Since $S$ always halts (is a decider) and decides if $M$ accepts $w$, we have constructed a decider for $A_{TM}$ and hence have proved the reduction.

R2: The TM acceptance problem reduces to the TM Emptiness Problem

$$A_{TM}\le {\text{EMPTY}}_{TM}$$

Proof

Recall that to prove this reduction, we need to show that can construct a decider for $A_{TM}$ given a decider for ${\text{EMTPY}}_{TM}$. Let $H$ be the decider for ${\text{EMPTY}}_{TM}$ (it takes in $⟨M⟩$ and decides if $M$ rejects every input)

We can construct a new decider $S$ for $A_{TM}$ as follows:

• $S$ takes in $⟨M,w⟩$
• Inside $S$, we construct a new Turing machine $T$ that takes in a string $x$ simulates $M$ independent of input:

$$T=\{\begin{array}{ll}\text{Accept},& \text{M accepts w}\\ \text{Reject},& \text{M rejects w}\\ \text{Run Forever},& \text{M runs forever }\end{array}$$

• Note that $T$ does not depend on $x$. It only depends on $M$ and $w$ which are ‘fixed’. Meaning, if $M$ accepts $w$, then $T$ accepts everything. If $M$ rejects $w$, $T$ rejects everything.
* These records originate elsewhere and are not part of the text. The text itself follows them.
(* Let $D_1\subset\mathbb{R}^2$ be an open disc centered at the origin, let $\boldsymbol{\gamma}_1,\dots,\boldsymbol{\gamma}_m$ be distinct unit vectors in $\mathbb{R}^2$ and $c_1,\dots,c_m$ nonzero reals. The vector-valued star transform $\mathcal{S}$ (acting on vector fields on $\mathbb{R}^2$ with components in $C^2_c(D_1)$) is invertible if and only if it is not symmetric.
   Context: For $\mathbf{x}=(x_1,x_2)$ set $\mathbf{x}^\perp=(-x_2,x_1)$. For a unit vector $\boldsymbol{\gamma}$, $\mathcal{X}_{\boldsymbol{\gamma}}h(\mathbf{x})=\int_0^\infty h(\mathbf{x}+t\boldsymbol{\gamma})\,dt$. The vector-valued star transform is $\mathcal{S}\mathbf{f}=\sum_{i=1}^m c_i\,\mathcal{X}_{\boldsymbol{\gamma}_i}\begin{bmatrix}\mathbf{f}\cdot\boldsymbol{\gamma}_i\\ \mathbf{f}\cdot\boldsymbol{\gamma}_i^\perp\end{bmatrix}$. Invertible means that every such $\mathbf{f}$ is uniquely determined by $\mathcal{S}\mathbf{f}$. $\mathcal{S}$ is called symmetric if $m=2k$ for some $k\in\mathbb{N}$ and, after possible re-indexing, $\boldsymbol{\gamma}_i=-\boldsymbol{\gamma}_{k+i}$ and $c_i=-c_{k+i}$ for all $i=1,\dots,k$. *)

theory Defs
  imports "HOL-Analysis.Analysis"
begin

definition perp :: "real^2 \<Rightarrow> real^2" where
  "perp x = vector [- (x$2), x$1]"

definition ray_transform :: "real^2 \<Rightarrow> (real^2 \<Rightarrow> real) \<Rightarrow> real^2 \<Rightarrow> real" where
  "ray_transform g h x = integral {0..} (\<lambda>t::real. h (x + t *\<^sub>R g))"

definition pderiv2 :: "(real^2 \<Rightarrow> real) \<Rightarrow> 2 \<Rightarrow> real^2 \<Rightarrow> real" where
  "pderiv2 h j x = frechet_derivative h (at x) (axis j 1)"
lemma card_tableaux:
  assumes "diagram S" "finite B" "card B = card S"
  shows "card (tableaux S B) = syt_count S"
  using assms
proof (induction "card S" arbitrary: S B)
  case 0
  then show ?case by (simp add: syt_count_def diagram_finite)
next
  case (Suc m)
  have "S \<noteq> {}" using Suc.hyps(2) by auto
  have "card (tableaux S B') = (\<Sum>c\<in>removable_cells S. syt_count (S - {c}))"
    if B': "finite B'" "card B' = card S" for B'
  proof -
    have "card (tableaux (S - {c}) (B' - {Max B'})) = syt_count (S - {c})"
      if "c \<in> removable_cells S" for c
    proof (rule Suc.hyps(1))
      have "c \<in> S" "diagram (S - {c})" using that by (simp_all add: removable_cells_def)
      moreover have "B' \<noteq> {}" using B' Suc.hyps(2) by auto
      ultimately show "m = card (S - {c})" "diagram (S - {c})" "finite (B' - {Max B'})"
          "card (B' - {Max B'}) = card (S - {c})"
        using B' Suc.hyps(2) diagram_finite[OF Suc.prems(1)] by simp_all
    qed
    then show ?thesis
      using card_tableaux_by_max_cell[OF Suc.prems(1) \<open>S \<noteq> {}\<close> B'] by simp
  qed
  from this[of B] this[of "{1..card S}"] Suc.prems show ?case
    by (simp add: syt_count_def)
qed

lemma syt_count_by_removable_cells:
  assumes "diagram S" "S \<noteq> {}"
  shows "syt_count S = (\<Sum>c\<in>removable_cells S. syt_count (S - {c}))"
proof -
  have "card S > 0" using assms diagram_finite by (simp add: card_gt_0_iff)
  have "card (tableaux (S - {c}) ({1..card S} - {Max {1..card S}})) = syt_count (S - {c})"
    if "c \<in> removable_cells S" for c
    using that \<open>card S > 0\<close> diagram_finite[OF assms(1)]
    by (intro card_tableaux) (auto simp: removable_cells_def)
  then show ?thesis
    unfolding syt_count_def[of S] using card_tableaux_by_max_cell[OF assms] by simp
qed

lemma syt_count_empty: "syt_count {} = 1"
proof -
  have "tableaux {} {} = {\<lambda>_. 0}"
    by (auto simp: tableaux_def bij_betw_def)
  then show ?thesis by (simp add: syt_count_def)
qed

lemma addable_removable_swap:
  assumes S: "diagram S"
  shows "c \<in> addable_cells S \<and> e \<in> removable_cells (insert c S) \<and> e \<noteq> c \<longleftrightarrow>
    e \<in> removable_cells S \<and> c \<in> addable_cells (S - {e}) \<and> c \<noteq> e"
proof
  assume h: "c \<in> addable_cells S \<and> e \<in> removable_cells (insert c S) \<and> e \<noteq> c"
  then have "c \<notin> S" "e \<in> S" and ext: "diagram (insert c S - {e})"
    by (auto simp: addable_cells_def removable_cells_def)
  moreover have "S - {e} = (insert c S - {e}) \<inter> S" by auto
  with diagram_Int[OF ext S] have "diagram (S - {e})" by simp
  moreover have "insert c (S - {e}) = insert c S - {e}" using h by auto
  ultimately show "e \<in> removable_cells S \<and> c \<in> addable_cells (S - {e}) \<and> c \<noteq> e"
    using ext h by (auto simp: addable_cells_def removable_cells_def)
next
  assume h: "e \<in> removable_cells S \<and> c \<in> addable_cells (S - {e}) \<and> c \<noteq> e"
  then have "e \<in> S" "c \<notin> S" and ext: "diagram (insert c (S - {e}))"
    by (auto simp: addable_cells_def removable_cells_def)
  moreover have "insert c S = insert c (S - {e}) \<union> S" by auto
  with diagram_Un[OF ext S] have "diagram (insert c S)" by simp
  moreover have "insert c S - {e} = insert c (S - {e})" using h by auto
  ultimately show "c \<in> addable_cells S \<and> e \<in> removable_cells (insert c S) \<and> e \<noteq> c"
    using ext h by (auto simp: addable_cells_def removable_cells_def)
qed

lemma sum_addable_removable_exchange:
  assumes S: "diagram S"
  shows "(\<Sum>c\<in>addable_cells S. \<Sum>e\<in>removable_cells (insert c S) - {c}. f (insert c S - {e})) =
    (\<Sum>e\<in>removable_cells S. \<Sum>c\<in>addable_cells (S - {e}) - {e}. f (insert c (S - {e})))"
proof -
  let ?R = "\<lambda>c e. e \<in> removable_cells (insert c S) \<and> e \<noteq> c"
  have "(\<Sum>c\<in>addable_cells S. \<Sum>e\<in>removable_cells (insert c S) - {c}. f (insert c S - {e})) =
    (\<Sum>c\<in>addable_cells S. \<Sum>e\<in>{e. e \<in> removable_cells S \<and> ?R c e}. f (insert c (S - {e})))"
    using addable_removable_swap[OF S]
    by (intro sum.cong refl) (auto intro!: sum.cong arg_cong[where f = f])
  also have "\<dots> =
      (\<Sum>e\<in>removable_cells S. \<Sum>c\<in>{c. c \<in> addable_cells S \<and> ?R c e}. f (insert c (S - {e})))"
    by (rule sum.swap_restrict[OF finite_addable_cells[OF S] finite_removable_cells[OF S]])
  also have "\<dots> = (\<Sum>e\<in>removable_cells S. \<Sum>c\<in>addable_cells (S - {e}) - {e}. f (insert c (S - {e})))"
    using addable_removable_swap[OF S] by (intro sum.cong refl) auto
  finally show ?thesis .
qed

lemma syt_count_insert_addable:
  assumes S: "diagram S" and c: "c \<in> addable_cells S"
  shows "syt_count (insert c S) =
    syt_count S + (\<Sum>e\<in>removable_cells (insert c S) - {c}. syt_count (insert c S - {e}))"
proof -
  have ext: "diagram (insert c S)" and "insert c S - {c} = S"
    using c by (auto simp: addable_cells_def)
  then have "c \<in> removable_cells (insert c S)" using S by (simp add: removable_cells_def)
  with syt_count_by_removable_cells[OF ext] \<open>insert c S - {c} = S\<close> show ?thesis
    by (simp add: sum.remove[OF finite_removable_cells[OF ext]])
qed

lemma sum_addable_cells_delete:
  assumes S: "diagram S" and e: "e \<in> removable_cells S"
  shows "(\<Sum>c\<in>addable_cells (S - {e}). f (insert c (S - {e}))) =
    f S + (\<Sum>c\<in>addable_cells (S - {e}) - {e}. f (insert c (S - {e})))"
proof -
  have "e \<in> S" and rest: "diagram (S - {e})" using e by (auto simp: removable_cells_def)
  then have "insert e (S - {e}) = S" by auto
  with S have "e \<in> addable_cells (S - {e})" by (simp add: addable_cells_def)
  from sum.remove[OF finite_addable_cells[OF rest] this, of "\<lambda>c. f (insert c (S - {e}))"]
  show ?thesis by (simp only: \<open>insert e (S - {e}) = S\<close>)
qed
definition toy_rhs :: "(real \<Rightarrow> real) \<Rightarrow> real \<Rightarrow> real \<Rightarrow> real \<Rightarrow> real" where
  "toy_rhs g \<beta> \<rho> r =
     3/2 * (1 - \<rho>^2) / r * (-1 + sqrt (1 - \<rho>^2) * (\<beta> * r^2 * g (r^2) + \<rho>) / r)"

definition sdom :: "ereal \<Rightarrow> real set" where
  "sdom smax = {s. 0 < s \<and> ereal s < smax}"

definition toy_solution :: "(real \<Rightarrow> real) \<Rightarrow> real \<Rightarrow> (real \<Rightarrow> real) \<Rightarrow> (real \<Rightarrow> real) \<Rightarrow> ereal \<Rightarrow> bool" where
  "toy_solution g \<beta> \<rho> r smax \<longleftrightarrow> 0 < smax \<and>
     (\<forall>s\<in>sdom smax. -1 < \<rho> s \<and> \<rho> s < 1 \<and> 0 < r s \<and>
        (\<rho> has_real_derivative toy_rhs g \<beta> (\<rho> s) (r s)) (at s) \<and>
        (r has_real_derivative \<rho> s) (at s))"

definition toy_S1 :: "(real \<Rightarrow> real) \<Rightarrow> (real \<Rightarrow> real) \<Rightarrow> bool" where
  "toy_S1 \<rho> r \<longleftrightarrow> (\<rho> \<longlongrightarrow> 1) (at_right 0) \<and> (r \<longlongrightarrow> 0) (at_right 0) \<and>
     (\<exists>\<eta>0>0. ((\<lambda>s. sqrt (1 - (\<rho> s)^2) / r s) \<longlongrightarrow> \<eta>0) (at_right 0))"

definition toy_S2 :: "(real \<Rightarrow> real) \<Rightarrow> (real \<Rightarrow> real) \<Rightarrow> ereal \<Rightarrow> bool" where
  "toy_S2 \<rho> r smax \<longleftrightarrow> (\<exists>s0. s0 \<in> sdom smax \<and>
     (\<exists>G. real_analytic_on {- ((r s0)^2) <..< (r s0)^2} G \<and>
          (\<forall>v\<in>{- ((r s0)^2) <..< (r s0)^2}. G v > 0) \<and>
          (\<forall>s\<in>{0<..<s0}. \<rho> s = G ((r s)^2))))"

definition toy_tip_solution :: "(real \<Rightarrow> real) \<Rightarrow> real \<Rightarrow> (real \<Rightarrow> real) \<Rightarrow> (real \<Rightarrow> real) \<Rightarrow> ereal \<Rightarrow> bool" where
  "toy_tip_solution g \<beta> \<rho> r smax \<longleftrightarrow> toy_solution g \<beta> \<rho> r smax \<and> toy_S1 \<rho> r \<and> toy_S2 \<rho> r smax \<and>
     (\<exists>s0>0. ereal s0 \<le> smax \<and> (\<forall>s\<in>{0<..<s0}. deriv \<rho> s < 0 \<and> \<rho> s > 0))"

definition max_toy_tip_solution :: "(real \<Rightarrow> real) \<Rightarrow> real \<Rightarrow> (real \<Rightarrow> real) \<Rightarrow> (real \<Rightarrow> real) \<Rightarrow> ereal \<Rightarrow> bool" where
  "max_toy_tip_solution g \<beta> \<rho> r smax \<longleftrightarrow> toy_tip_solution g \<beta> \<rho> r smax \<and>
     (\<forall>\<rho>2 r2 smax2. toy_solution g \<beta> \<rho>2 r2 smax2 \<and> smax \<le> smax2 \<and>
        (\<forall>s\<in>sdom smax. \<rho>2 s = \<rho> s \<and> r2 s = r s) \<longrightarrow> smax2 = smax)"

definition toy_steady_tip_growth :: "(real \<Rightarrow> real) \<Rightarrow> real \<Rightarrow> (real \<Rightarrow> real) \<Rightarrow> (real \<Rightarrow> real) \<Rightarrow> ereal \<Rightarrow> bool" where
  "toy_steady_tip_growth g \<beta> \<rho> r smax \<longleftrightarrow> toy_solution g \<beta> \<rho> r smax \<and> toy_S1 \<rho> r \<and> toy_S2 \<rho> r smax \<and>
     smax = \<infinity> \<and> (\<forall>s>0. deriv \<rho> s < 0 \<and> \<rho> s > 0) \<and>
     (\<rho> \<longlongrightarrow> 0) at_top \<and> (\<exists>rinf>0. (r \<longlongrightarrow> rinf) at_top)"

definition A_toy :: "(real \<Rightarrow> real) \<Rightarrow> real set" where
  "A_toy g = {\<beta>. \<beta> > 0 \<and> (\<exists>\<rho> r smax. max_toy_tip_solution g \<beta> \<rho> r smax \<and>
     (\<exists>s0\<in>sdom smax. (\<forall>s\<in>{0<..<s0}. \<rho> s * deriv \<rho> s < 0) \<and> \<rho> s0 = 0))}"

definition B_toy :: "(real \<Rightarrow> real) \<Rightarrow> real set" where
  "B_toy g = {\<beta>. \<beta> > 0 \<and> (\<exists>\<rho> r smax. max_toy_tip_solution g \<beta> \<rho> r smax \<and>
     (\<exists>s0\<in>sdom smax. (\<forall>s\<in>{0<..<s0}. \<rho> s * deriv \<rho> s < 0) \<and> deriv \<rho> s0 = 0))}"

definition X_toy :: "(real \<Rightarrow> real) \<Rightarrow> real set" where
  "X_toy g = {\<beta>. \<beta> > 0} - (A_toy g \<union> B_toy g)"

end

theory Submission
  imports Defs
begin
Thus:
• Thus:

$$L(T)=\{\begin{array}{ll}{\Sigma }^{\ast },& \text{M accepts w}\\ \varnothing ,& \text{M rejects w}\\ \varnothing ,& \text{M runs forever}\end{array}$$

• Then, we run the emptiness decider $H$ on $T$. Since $H$ accepts when $L(T)=\varnothing$, this means that $M$ either rejects $w$ or runs forever (in either case, it does not accept $w$). If $H$ rejects, then $L(T)={\Sigma }^{\ast }$ so $M$ accepts $w$

Thus, we have created a decider $S$ (since $H$ is a decider) that decides if $M$ accepts $w$. So we have proven the reduction.

Applications §

• If the TM acceptance problem, $A_{TM}$ was decidable, it would imply that satisfiability in predicate logic would be decidable (since the decider could be converted into an algorithm)
• The TM acceptance problem, $A_{TM}$ is useful in static code analysis, as it can determine if a given program satisfies its specifications (accepts some input strings) without actually running the program. It also helps identify security vulnerabilities and runtime errors.
  • This has critical applications in defence and medicine
• Since the DFA acceptance problem, $A_{DFA}$ is decidable, any program that can be modelled as an equivalent DFA can be ‘checked’ by a Turing machine.